But the Tuesday bit can’t possibly matter, can it?

“It depends if you ask a mathematician or a statistician,” says Devlin. The mathematician would simply extend the possibilities that were available in the original puzzle and then nix the possibilities that could be nixed. If we didn’t know that one of the kids was born on a Tuesday, our possibilities would be all the possible crosses of: B-Mo, B-Tu, B-We, B-Th, B-Fr, B-Sa, B-Su, with G-Mo, G-Tu, G-We, G-Th, G-Fr, G-Sa, G-Su.

Cool so far?

Now, you know that either the first or the second child is a boy born on Tuesday, and here’s how Devlin lays out the revised possibilities:

First child B-Tu, second child: B-Mo, B-Tu, B-We, B-Th, B-Fr, B-Sa, B-Su, G-Mo, G-Tu, G-We, G-Th, G-Fr, G-Sa, G-Su.
Second child B-Tu, first child: B-Mo, B-We, B-Th, B-Fr, B-Sa, B-Su, G-Mo, G-Tu, G-We, G-Th, G-Fr, G-Sa, G-Su.

Since “both boys born on Tuesday” is already listed in the first set, we don’t need to list it again in the second, making 27 (instead of 28) possible combinations of gender and day of the week for two kids, if at least one is a boy born on Tuesday. And of these 27 possibilities, 13 of them include a second boy. So the answer is (instead of a one in two or one in three chance) a 13/27 chance that both will be boys.

D’you hear that crackling sound? That’s the sound of your neurons trying to deal with the previous five hundred words. Don’t say you weren’t warned. But stick with it. It’s worth it. You can do it.

Now, on to statisticians, who take another view entirely.

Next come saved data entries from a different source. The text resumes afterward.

lemma hypergeometric_variance_le_mean:
  assumes I: "I \<subseteq> {..<n}" and m: "2 \<le> m" "m \<le> n"
  defines "\<alpha> \<equiv> real (card I) * real m / real n"
  shows "(\<Sum>S\<in>{S. S \<subseteq> {..<n} \<and> card S = m}. (real (card (I \<inter> S)) - \<alpha>)\<^sup>2)
           \<le> \<alpha> * real (n choose m)"
proof -
  define F where "F = {S. S \<subseteq> {..<n} \<and> card S = m}"
  define Y where "Y S = real (card (I \<inter> S))" for S
  define k where "k = real (card I)"
  define M where "M = real (n choose m)"
  define C\<^sub>1 where "C\<^sub>1 = real ((n - 1) choose (m - 1))"
  define C\<^sub>2 where "C\<^sub>2 = real ((n - 2) choose (m - 2))"
  have n: "real n \<ge> 2" using m by linarith
  have card_F: "real (card F) = M" by (simp add: F_def M_def n_subsets)
  have "(m - 1) * ((n - 1) choose (m - 1)) = (n - 1) * ((n - 2) choose (m - 2))"
    using times_binomial_minus1_eq[of "m - 1" "n - 1"] m by (simp add: numeral_2_eq_2)
  then have "real (m - 1) * C\<^sub>1 = real (n - 1) * C\<^sub>2"
    unfolding C\<^sub>1_def C\<^sub>2_def by (metis of_nat_mult)
  then have absorb\<^sub>2: "(real m - 1) * C\<^sub>1 = (real n - 1) * C\<^sub>2"
    using m by (simp add: of_nat_diff)
  have kC\<^sub>1: "k * C\<^sub>1 = \<alpha> * M"
    using real_binomial_pred_eq[of m n] m by (simp add: \<alpha>_def k_def C\<^sub>1_def M_def)
  have "(\<Sum>S\<in>F. Y S) = k * C\<^sub>1"
    using sum_card_Int_subsets[OF I, of m] m by (simp add: F_def Y_def k_def C\<^sub>1_def)
  then have sum_Y: "(\<Sum>S\<in>F. Y S) = \<alpha> * M"
    using kC\<^sub>1 by simp
  have sum_Y2: "(\<Sum>S\<in>F. (Y S)\<^sup>2) = k * C\<^sub>1 + k * (k - 1) * C\<^sub>2"
    using sum_card_Int_subsets_squared[OF I m(1)] by (simp add: F_def Y_def k_def C\<^sub>1_def C\<^sub>2_def)
  have pairs: "k * (k - 1) * C\<^sub>2 \<le> \<alpha>\<^sup>2 * M"
  proof -
    have "k \<le> real n" using card_mono[OF _ I] by (simp add: k_def)
    then have "0 \<le> k * (real n - real m) + real n * (real m - 1)"
      using m by (simp add: k_def)
    then have key: "(k - 1) * (real m - 1) * real n \<le> k * real m * (real n - 1)"
      by (simp add: algebra_simps)
    have "k * (k - 1) * C\<^sub>2 * ((real n - 1) * real n) = k * (k - 1) * real n * ((real n - 1) * C\<^sub>2)"
      by (simp add: algebra_simps)
    also have "\<dots> = k * (k - 1) * real n * ((real m - 1) * C\<^sub>1)"
      by (simp only: absorb\<^sub>2)
    also have "\<dots> = k * ((k - 1) * (real m - 1) * real n) * C\<^sub>1"
      by (simp add: algebra_simps)
    also have "\<dots> \<le> k * (k * real m * (real n - 1)) * C\<^sub>1"
      using key by (intro mult_right_mono mult_left_mono) (auto simp: k_def C\<^sub>1_def)
    also have "\<dots> = (k * C\<^sub>1) * (k * real m) * (real n - 1)"
      by (simp add: algebra_simps)
    also have "\<dots> = (\<alpha> * M) * (\<alpha> * real n) * (real n - 1)"
      using kC\<^sub>1 n by (simp add: \<alpha>_def k_def)
    also have "\<dots> = \<alpha>\<^sup>2 * M * ((real n - 1) * real n)"
      by (simp add: power2_eq_square algebra_simps)
    finally show ?thesis using n by (simp add: mult_le_cancel_right)
  qed
  have "(\<Sum>S\<in>F. (Y S - \<alpha>)\<^sup>2) = (\<Sum>S\<in>F. (Y S)\<^sup>2 - 2 * \<alpha> * Y S + \<alpha>\<^sup>2)"
    by (simp add: power2_diff algebra_simps)
  also have "\<dots> = (\<Sum>S\<in>F. (Y S)\<^sup>2) - 2 * \<alpha> * (\<Sum>S\<in>F. Y S) + \<alpha>\<^sup>2 * M"
    by (simp add: sum.distrib sum_subtractf sum_distrib_left card_F)
  also have "\<dots> = k * (k - 1) * C\<^sub>2 - \<alpha>\<^sup>2 * M + \<alpha> * M"
    unfolding sum_Y sum_Y2 kC\<^sub>1 by (simp add: power2_eq_square)
  also have "\<dots> \<le> \<alpha> * M"
    using pairs by simp
  finally show ?thesis by (simp add: F_def Y_def M_def)
qed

To them it matters what else could have been said and the interpretations that can pop up when math is released into the real world. “For example,” says Devlin, “we’re taught that multiplication is commutative, that 3 × 4 is the same as 4 × 3; but in the real world three bags of four apples isn’t the same as four bags of three apples.” Similarly, he points out in his blog that if you’re told that a quarter pound of ham costs $2 and then asked what three pounds will cost, a mathematician would tell you $24, but a statistician who’s been to a supermarket knows there’s not enough information to answer the question -- of course, every supermarket discounts for bulk.

In the case of the Tuesday boy problem, imagine you’re from a culture that requires you to speak about an elder child first, before mentioning the younger. That means it’s the eldestchild who’s the boy, and you rule out both G-G (as before) but also G-B, leaving the possibilities BB and BG, and a one in two probability of both being boys.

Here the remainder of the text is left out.